» **Try it**:
Extract every line below that contains the word "radius".

» **Supplied records**:
------------------------------------

(* Every $K_4$-free disk graph is $11$-degenerate.
   Context: A disk graph is the intersection graph of a finite set of closed disks in $\mathbb{R}^2$. A graph is $K_4$-free if it contains no complete subgraph on $4$ vertices. A graph is $c$-degenerate if its vertices can be ordered $v_1,\dots,v_n$ so that each $v_i$ has at most $c$ neighbours among $v_1,\dots,v_{i-1}$. *)

theory Defs
  imports "HOL-Analysis.Analysis"
begin

text \<open>A closed disk in the plane is represented by a pair (centre, radius) with positive radius.\<close>

type_synonym disk = "(real^2) \<times> real"

definition disk_set :: "disk \<Rightarrow> (real^2) set" where
  "disk_set d = cball (fst d) (snd d)"

definition disk_adj :: "disk \<Rightarrow> disk \<Rightarrow> bool" where
  "disk_adj d e \<longleftrightarrow> d \<noteq> e \<and> disk_set d \<inter> disk_set e \<noteq> {}"

definition K4_free :: "'a set \<Rightarrow> ('a \<Rightarrow> 'a \<Rightarrow> bool) \<Rightarrow> bool" where
  "K4_free V E \<longleftrightarrow> \<not> (\<exists>S \<subseteq> V. card S = 4 \<and> (\<forall>x\<in>S. \<forall>y\<in>S. x \<noteq> y \<longrightarrow> E x y))"

definition degenerate :: "nat \<Rightarrow> 'a set \<Rightarrow> ('a \<Rightarrow> 'a \<Rightarrow> bool) \<Rightarrow> bool" where
  "degenerate c V E \<longleftrightarrow> (\<exists>vs. distinct vs \<and> set vs = V \<and>
     (\<forall>i < length vs. card {j. j < i \<and> E (vs ! i) (vs ! j)} \<le> c))"

end

theory Submission
  imports Defs
begin

text \<open>Let \<open>d\<close> be a disk of minimum radius \<open>r\<close>, centred at \<open>c\<close>. Every neighbour \<open>e\<close> of \<open>d\<close> is at
  least as large, so it contains a disk of radius \<open>r\<close> whose centre \<open>p\<^sub>e\<close> lies within \<open>2r\<close> of \<open>c\<close>.
  If the directions of \<open>p\<^sub>e - c\<close> and \<open>p\<^sub>f - c\<close> differ by at most \<open>\<pi>/3\<close>, then
  \<open>|p\<^sub>e - p\<^sub>f| \<le> 2r\<close>, so \<open>e\<close> and \<open>f\<close> intersect. Among twelve directions some three lie
  pairwise within \<open>\<pi>/3\<close>; together with \<open>d\<close> they would form a \<open>K\<^sub>4\<close>. Hence a smallest disk has at
  most eleven neighbours, and removing it repeatedly gives the degeneracy ordering.\<close>

lemma degenerate_append_vertex:
  assumes "degenerate c W E" "finite W" "v \<notin> W" "card {w\<in>W. E v w} \<le> c"
  shows "degenerate c (insert v W) E"
proof -
  obtain vs where vs: "distinct vs" "set vs = W"
    "\<forall>i < length vs. card {j. j < i \<and> E (vs ! i) (vs ! j)} \<le> c"
    using assms(1) unfolding degenerate_def by blast
  define us where "us = vs @ [v]"
  have "card {j. j < i \<and> E (us ! i) (us ! j)} \<le> c" if "i < length us" for i
  proof (cases "i < length vs")
    case True
    then have "{j. j < i \<and> E (us ! i) (us ! j)} = {j. j < i \<and> E (vs ! i) (vs ! j)}"
      by (auto simp: us_def nth_append)
    with True vs(3) show ?thesis by simp
  next
    case False
    with that have i: "i = length vs" by (simp add: us_def)
    then have "{j. j < i \<and> E (us ! i) (us ! j)} = {j. j < length vs \<and> E v (vs ! j)}"
      by (auto simp: us_def nth_append)
    moreover have "(!) vs ` {j. j < length vs \<and> E v (vs ! j)} = {w\<in>W. E v w}"
      using vs(2) by (auto simp: in_set_conv_nth)
    moreover have "inj_on ((!) vs) {j. j < length vs \<and> E v (vs ! j)}"
      using vs(1) by (simp add: inj_on_nth)
    ultimately have "card {j. j < i \<and> E (us ! i) (us ! j)} = card {w\<in>W. E v w}"
      by (metis card_image)
    with assms(4) show ?thesis by simp
  qed
  moreover have "distinct us" "set us = insert v W"
    using vs(1,2) assms(3) by (auto simp: us_def)
  ultimately show ?thesis
    unfolding degenerate_def by blast
qed

lemma degenerate_if_every_subgraph_has_low_degree_vertex:
  assumes "finite V" "\<And>W. W \<subseteq> V \<Longrightarrow> W \<noteq> {} \<Longrightarrow> \<exists>v\<in>W. card {w\<in>W. E v w} \<le> c"
  shows "degenerate c V E"
  using assms
proof (induction V rule: finite_psubset_induct)
  case (psubset V)
  show ?case
  proof (cases "V = {}")
    case True
    then show ?thesis
      unfolding degenerate_def by simp
  next
    case False
    then obtain v where v: "v \<in> V" "card {w\<in>V. E v w} \<le> c"
      using psubset.prems by blast
    have IH: "degenerate c (V - {v}) E"
      using psubset v(1) by (intro psubset.IH) auto
    have "card {w\<in>V - {v}. E v w} \<le> card {w\<in>V. E v w}"
      using psubset.hyps by (intro card_mono) auto
    with v(2) have "card {w\<in>V - {v}. E v w} \<le> c"
      by linarith
    with IH psubset.hyps have "degenerate c (insert v (V - {v})) E"
      by (intro degenerate_append_vertex) auto
    with v(1) show ?thesis
      by (simp add: insert_absorb)
  qed
qed

lemma K4_free_subset: "K4_free V E \<Longrightarrow> W \<subseteq> V \<Longrightarrow> K4_free W E"
  unfolding K4_free_def by (meson order.trans)

lemma K4_free_neighbourhood_triangle_free:
  assumes "K4_free V E" "symp E" "{v, x, y, z} \<subseteq> V" "distinct [v, x, y, z]"
    "E v x" "E v y" "E v z" "E x y" "E x z" "E y z"
  shows False
proof -
  have "E x v" "E y v" "E z v" "E y x" "E z x" "E z y"
    using assms(2,5-) by (metis sympD)+
  with assms(5-) have "\<forall>u\<in>{v, x, y, z}. \<forall>w\<in>{v, x, y, z}. u \<noteq> w \<longrightarrow> E u w"
    by auto
  moreover have "card {v, x, y, z} = 4"
    using assms(4) by simp
  ultimately show False
    using assms(1,3) unfolding K4_free_def by blast
qed

lemma cball_Int_cball_nonempty:
  fixes a c :: "'a::real_normed_vector"
  assumes "0 \<le> s" "0 \<le> t" "dist a c \<le> s + t"
  shows "cball a s \<inter> cball c t \<noteq> {}"
proof (cases "s + t = 0")
  case True
  with assms have "a \<in> cball a s \<inter> cball c t" by simp
  then show ?thesis by blast
next
  case False
  define p where "p = a + (s / (s + t)) *\<^sub>R (c - a)"
  have "dist a p = s / (s + t) * dist a c"
    using assms by (simp add: p_def dist_norm norm_minus_commute)
  also have "\<dots> \<le> s / (s + t) * (s + t)"
    using assms by (intro mult_left_mono) auto
  also have "\<dots> = s"
    using False by simp
  finally have "p \<in> cball a s" by simp
  have "c - p = (1 - s / (s + t)) *\<^sub>R (c - a)"
    by (simp add: p_def scaleR_left_diff_distrib)
  also have "1 - s / (s + t) = t / (s + t)"
    using False by (simp add: field_simps)
  finally have "c - p = (t / (s + t)) *\<^sub>R (c - a)" .
  then have "dist c p = t / (s + t) * dist c a"
    using assms by (simp add: dist_norm)
  also have "\<dots> \<le> t / (s + t) * (s + t)"
    using assms by (intro mult_left_mono) (auto simp: dist_commute)
  also have "\<dots> = t"
    using False by simp
  finally have "p \<in> cball c t" by simp
  with \<open>p \<in> cball a s\<close> show ?thesis by blast
qed

definition dir :: "real \<Rightarrow> real^2" where
  "dir t = vector [cos t, sin t]"

lemma inner_dir_dir: "dir a \<bullet> dir b = cos (a - b)"
  by (simp add: inner_vec_def sum_2 dir_def cos_diff)

lemma polar_coordinates:
  fixes v :: "real^2"
  obtains t where "0 \<le> t" "t < 2*pi" "v = norm v *\<^sub>R dir t"
proof (cases "v = 0")
  case True
  then show ?thesis using that[of 0] by simp
next
  case False
  define u where "u = v /\<^sub>R norm v"
  have "(u$1)^2 + (u$2)^2 = (norm u)^2"
    unfolding power2_norm_eq_inner by (simp add: inner_vec_def sum_2 power2_eq_square)
  also have "norm u = 1"
    using False by (simp add: u_def)
  finally have "(u$1)^2 + (u$2)^2 = 1" by simp
  then obtain t where t: "0 \<le> t" "t < 2*pi" "u$1 = cos t" "u$2 = sin t"
    using sincos_total_2pi by metis
  then have "u = dir t"
    by (simp add: vec_eq_iff forall_2 dir_def)
  moreover have "v = norm v *\<^sub>R u"
    using False by (simp add: u_def)
  ultimately show ?thesis
    using that t(1,2) by metis
qed

lemma norm_diff_scaleR_dir_le_max:
  assumes "0 \<le> s" "0 \<le> t" "1/2 \<le> cos (a - b)"
  shows "norm (s *\<^sub>R dir a - t *\<^sub>R dir b) \<le> max s t"
proof -
  have "(norm (s *\<^sub>R dir a - t *\<^sub>R dir b))^2
      = s * s * (dir a \<bullet> dir a) - 2 * s * t * (dir a \<bullet> dir b) + t * t * (dir b \<bullet> dir b)"
    using inner_commute[of "dir b" "dir a"]
    unfolding power2_norm_eq_inner inner_diff_left inner_diff_right inner_scaleR_left inner_scaleR_right
    by (simp add: algebra_simps)
  also have "\<dots> = s^2 + t^2 - 2 * s * t * cos (a - b)"
    by (simp add: inner_dir_dir power2_eq_square)
  also have "\<dots> \<le> s^2 + t^2 - s * t"
    using mult_left_mono[OF assms(3), of "2 * s * t"] assms by simp
  also have "\<dots> \<le> (max s t)^2"
  proof (cases "s \<le> t")
    case True
    then have "s * s \<le> s * t" using assms by (intro mult_left_mono)
    with True show ?thesis by (simp add: max_def power2_eq_square)
  next
    case False
    then have "t * t \<le> s * t" using assms by (intro mult_right_mono) auto
    with False show ?thesis by (simp add: max_def power2_eq_square)
  qed
  finally show ?thesis
    by (rule power2_le_imp_le) (use assms(1) in \<open>simp add: le_max_iff_disj\<close>)
qed

lemma cos_ge_half: "\<bar>u\<bar> \<le> pi/3 \<Longrightarrow> 1/2 \<le> cos u"
  using cos_monotone_0_pi_le[of "\<bar>u\<bar>" "pi/3"] by (simp add: cos_60)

------------------------------------

» **Expected output**:
text \<open>A closed disk in the plane is represented by a pair (centre, radius) with positive radius.\<close>
text \<open>Let \<open>d\<close> be a disk of minimum radius \<open>r\<close>, centred at \<open>c\<close>. Every neighbour \<open>e\<close> of \<open>d\<close> is at
  least as large, so it contains a disk of radius \<open>r\<close> whose centre \<open>p\<^sub>e\<close> lies within \<open>2r\<close> of \<open>c\<close>.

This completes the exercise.